Since the acquisition of the da Vinci SP by our center, we have described in previous studies our experience and results with this platform in patients undergoing robotic radical prostatectomy.17,19,21 Although minimally invasive techniques such as robotic surgery decrease perioperative impacts, surgical outcomes depend on several different factors, such as preoperative patient characteristics, age, SHIM score, cancer stage, and comorbidities.10,13,22,23 In addition, surgical technique and nerve-sparing degree also play an important role along with postoperative management and patient follow-up protocols.8,24 Due to the multifactorial influence on surgical outcomes, to assess the differences and possible benefits of the da Vinci SP and Xi robotic platforms, our study compared two groups with similar preoperative demographics (selected with a Propensity Score matching) undergoing robotic radical prostatectomy.
Regarding intraoperative performance, the Xi robot provided faster operative and console time than the SP, mainly due to the greater traction and dissection capacity provided by the arms and instruments. As previously described, the SP has bi-articulated and flexible arms of 6 mm, while the Xi has an independent rigid arm of 8 mm with articulation like the human wrist. Therefore, SP presents greater limitations when used in obese patients, and in those with previous abdominal surgeries or enlarged prostates. When designing our selection criteria, based on our experience in robotic prostatectomy, we selected factors that typically increase surgical challenges or potentially risk surgical outcomes.15–17 Patients with previous abdominal surgeries are more likely to have adhesions, and the SP trocar is a limitation for performing adhesion lysis unless you add extra trocars for a laparoscopic approach, which may contradict the SP concept of performing surgery with only one or two incisions.
In a retrospective study, Vigneswaran et al. compared 50 consecutive patients undergoing prostatectomy with the SP to 113 operated on with the Xi.25 The authors reported a shorter hospital stay and less postoperative pain in favor of the SP, although both groups were similar regarding the use of morphine. On the other hand, despite the larger cohort, comparing patients with similar preoperative characteristics, our study failed to demonstrate clinically significant differences regarding postoperative pain reported by patients 6, 12, and 18 hours after surgery. As we use a TAP (Transversus Abdominis Plane)26 block in all patients, the pain scores of our study tend to be close to zero in both robots. Our results showed a difference of a half point in the pain scale 6 hours after surgery favoring the SP, whereas there was no statistical difference in the other evaluated periods (12 and 18 hours). Therefore, we consider that there is no clinically significant difference in postoperative pain between the groups.

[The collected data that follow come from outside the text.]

lemma separation_growth_antimono:
  assumes "0 < \<epsilon>'" "\<epsilon>' \<le> \<epsilon>"
  shows "separation_growth \<epsilon> \<le> separation_growth \<epsilon>'"
  unfolding separation_growth_def
proof (intro Limsup_mono always_eventually allI)
  fix n
  show "ereal (ln (real (r_sep X d f n \<epsilon>)) / real n) \<le> ereal (ln (real (r_sep X d f n \<epsilon>')) / real n)"
  proof (cases "n = 0")
    case False
    then have "ln (real (r_sep X d f n \<epsilon>)) \<le> ln (real (r_sep X d f n \<epsilon>'))"
      using r_sep_ge_1[of n \<epsilon>] r_sep_antimono[of n \<epsilon>' \<epsilon>] assms False by simp
    then show ?thesis by (simp add: divide_right_mono)
  qed simp
qed

lemma top_entropy_eq_SUP: "top_entropy X d f = (SUP \<epsilon>\<in>{0<..}. separation_growth \<epsilon>)"
proof -
  have lim: "(separation_growth \<longlongrightarrow> (SUP \<epsilon>\<in>{0<..}. separation_growth \<epsilon>)) (at_right 0)"
  proof (rule order_tendstoI)
    fix a assume "a < (SUP \<epsilon>\<in>{0<..}. separation_growth \<epsilon>)"
    then obtain \<epsilon>0 where "\<epsilon>0 > 0" "a < separation_growth \<epsilon>0" by (auto simp: less_SUP_iff)
    then show "\<forall>\<^sub>F \<epsilon> in at_right 0. a < separation_growth \<epsilon>"
      unfolding eventually_at_right_field using separation_growth_antimono
      by (intro exI[of _ \<epsilon>0]) (auto intro: less_le_trans)
  next
    fix a assume a: "(SUP \<epsilon>\<in>{0<..}. separation_growth \<epsilon>) < a"
    show "\<forall>\<^sub>F \<epsilon> in at_right 0. separation_growth \<epsilon> < a"
      unfolding eventually_at_right_field by (intro exI[of _ 1]) (auto intro!: le_less_trans[OF _ a] SUP_upper)
  qed
  have "top_entropy X d f = Lim (at_right 0) separation_growth"
    unfolding top_entropy_def separation_growth_def ..
  also have "\<dots> = (SUP \<epsilon>\<in>{0<..}. separation_growth \<epsilon>)"
    by (rule tendsto_Lim[OF _ lim]) simp
  finally show ?thesis .
qed

lemma separation_growth_le_top_entropy: "\<epsilon> > 0 \<Longrightarrow> separation_growth \<epsilon> \<le> top_entropy X d f"
  unfolding top_entropy_eq_SUP by (rule SUP_upper) simp

end

locale misiurewicz_coding = measured_tnds X d f \<mu> for X :: "nat \<Rightarrow> 'a set" and d f \<mu> +
  fixes k :: "nat \<Rightarrow> nat" and P :: "nat \<Rightarrow> nat \<Rightarrow> 'a set" and K :: nat
    and \<epsilon> \<delta> :: real and C :: "nat \<Rightarrow> nat \<Rightarrow> 'a set" and m N :: nat
  assumes partition: "borel_partition_seq X d k P" and k_le_K: "\<And>n. k n \<le> K" and K_ge_1: "K \<ge> 1"
    and cores: "compact_cores X d \<mu> k P \<epsilon> \<delta> C"
    and \<epsilon>_pos: "\<epsilon> > 0" and \<delta>_pos: "\<delta> > 0" and m_ge_1: "m \<ge> 1" and N_ge_1: "N \<ge> 1"
begin

lemma P_sets: "a < k n \<Longrightarrow> P n a \<in> sets (\<mu> n)"
  and P_disjoint: "a < k n \<Longrightarrow> b < k n \<Longrightarrow> a \<noteq> b \<Longrightarrow> P n a \<inter> P n b = {}"
  and P_cover: "(\<Union>a<k n. P n a) = X n"
  using partition sets_\<mu> unfolding borel_partition_seq_def by auto

lemma C_subset: "a < k n \<Longrightarrow> C n a \<subseteq> P n a"
  and C_compact: "a < k n \<Longrightarrow> compactin (mtop n) (C n a)"
  and measure_P_minus_C: "a < k n \<Longrightarrow> measure (\<mu> n) (P n a - C n a) \<le> \<epsilon>"
  and C_separated: "a < k n \<Longrightarrow> b < k n \<Longrightarrow> a \<noteq> b \<Longrightarrow> x \<in> C n a \<Longrightarrow> y \<in> C n b \<Longrightarrow> d n x y \<ge> \<delta>"
  using cores unfolding compact_cores_def by auto

lemma C_sets: "a < k n \<Longrightarrow> C n a \<in> sets (\<mu> n)"
  using borel_of_closed[OF compactin_imp_closedin[OF Metric_space.Hausdorff_space_mtopology[OF Metric_space_X]
        C_compact]] sets_\<mu> by auto

definition "label i x = (SOME a. a < k i \<and> iter i x \<in> P i a)"
definition "itinerary x = restrict (\<lambda>i. label i x) {..<N}"
definition "cylinder s = X 0 \<inter> (\<Inter>i<N. iter i -` P i (s i))"
definition "in_core i x \<longleftrightarrow> (\<exists>a<k i. iter i x \<in> C i a)"
definition "good_block j x \<longleftrightarrow> (\<forall>i<N. i div m = j \<longrightarrow> in_core i x)"
definition "code x = restrict (\<lambda>i. if good_block (i div m) x then Some (label i x) else None) {..<N}"
definition "codes = code ` X 0"

lemma label: "x \<in> X 0 \<Longrightarrow> label i x < k i \<and> iter i x \<in> P i (label i x)"
  unfolding label_def by (rule someI_ex) (use iter_in P_cover in blast)

lemma label_unique: "x \<in> X 0 \<Longrightarrow> a < k i \<Longrightarrow> iter i x \<in> P i a \<Longrightarrow> label i x = a"
  using label P_disjoint by blast

lemma mem_cylinder_iff:
  assumes "\<forall>i<N. s i < k i"
  shows "y \<in> cylinder s \<longleftrightarrow> y \<in> X 0 \<and> (\<forall>i<N. label i y = s i)"
proof -
  have "iter i y \<in> P i (s i) \<longleftrightarrow> label i y = s i" if "y \<in> X 0" "i < N" for i
    using label[OF that(1), of i] label_unique[OF that(1)] assms that(2) by metis
  then show ?thesis unfolding cylinder_def by auto
qed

With the current technological expansion of robotic surgery and new consoles being launched on the market, it is natural to compare surgical performances and results between different platforms. However, we believe that the current generation SP is not a robot to replace the multiport Xi but to complement its use in patients who are not candidates for the multiport approach, such as patients with ileostomy, colostomy, penile prosthesis with reservoir, kidney transplants, and other intra-abdominal obstacles.27 Recently, some authors have described the transvesical access that can further expand the use of SP in these patients with a hostile abdomen..20,21,28 However, the functional and oncological results of this technique are still under discussion.
Our study is not devoid of limitations, mainly due to the retrospective design and all inherent risks of bias. Furthermore, as described in several studies, the experience of a high-volume center is generally not reproducible in smaller centers with less experienced surgeons.29,30 However, we believe that with adequate selection criteria, the surgical results of patients operated with the SP tend to be constant even during the learning curve.19 Finally, to date, this is the largest series comparing perioperative outcomes in patients with similar preoperative characteristics undergoing radical prostatectomy with the SP and Xi robots. However, prospective and randomized studies are still needed to compare the real differences and advantages between both consoles.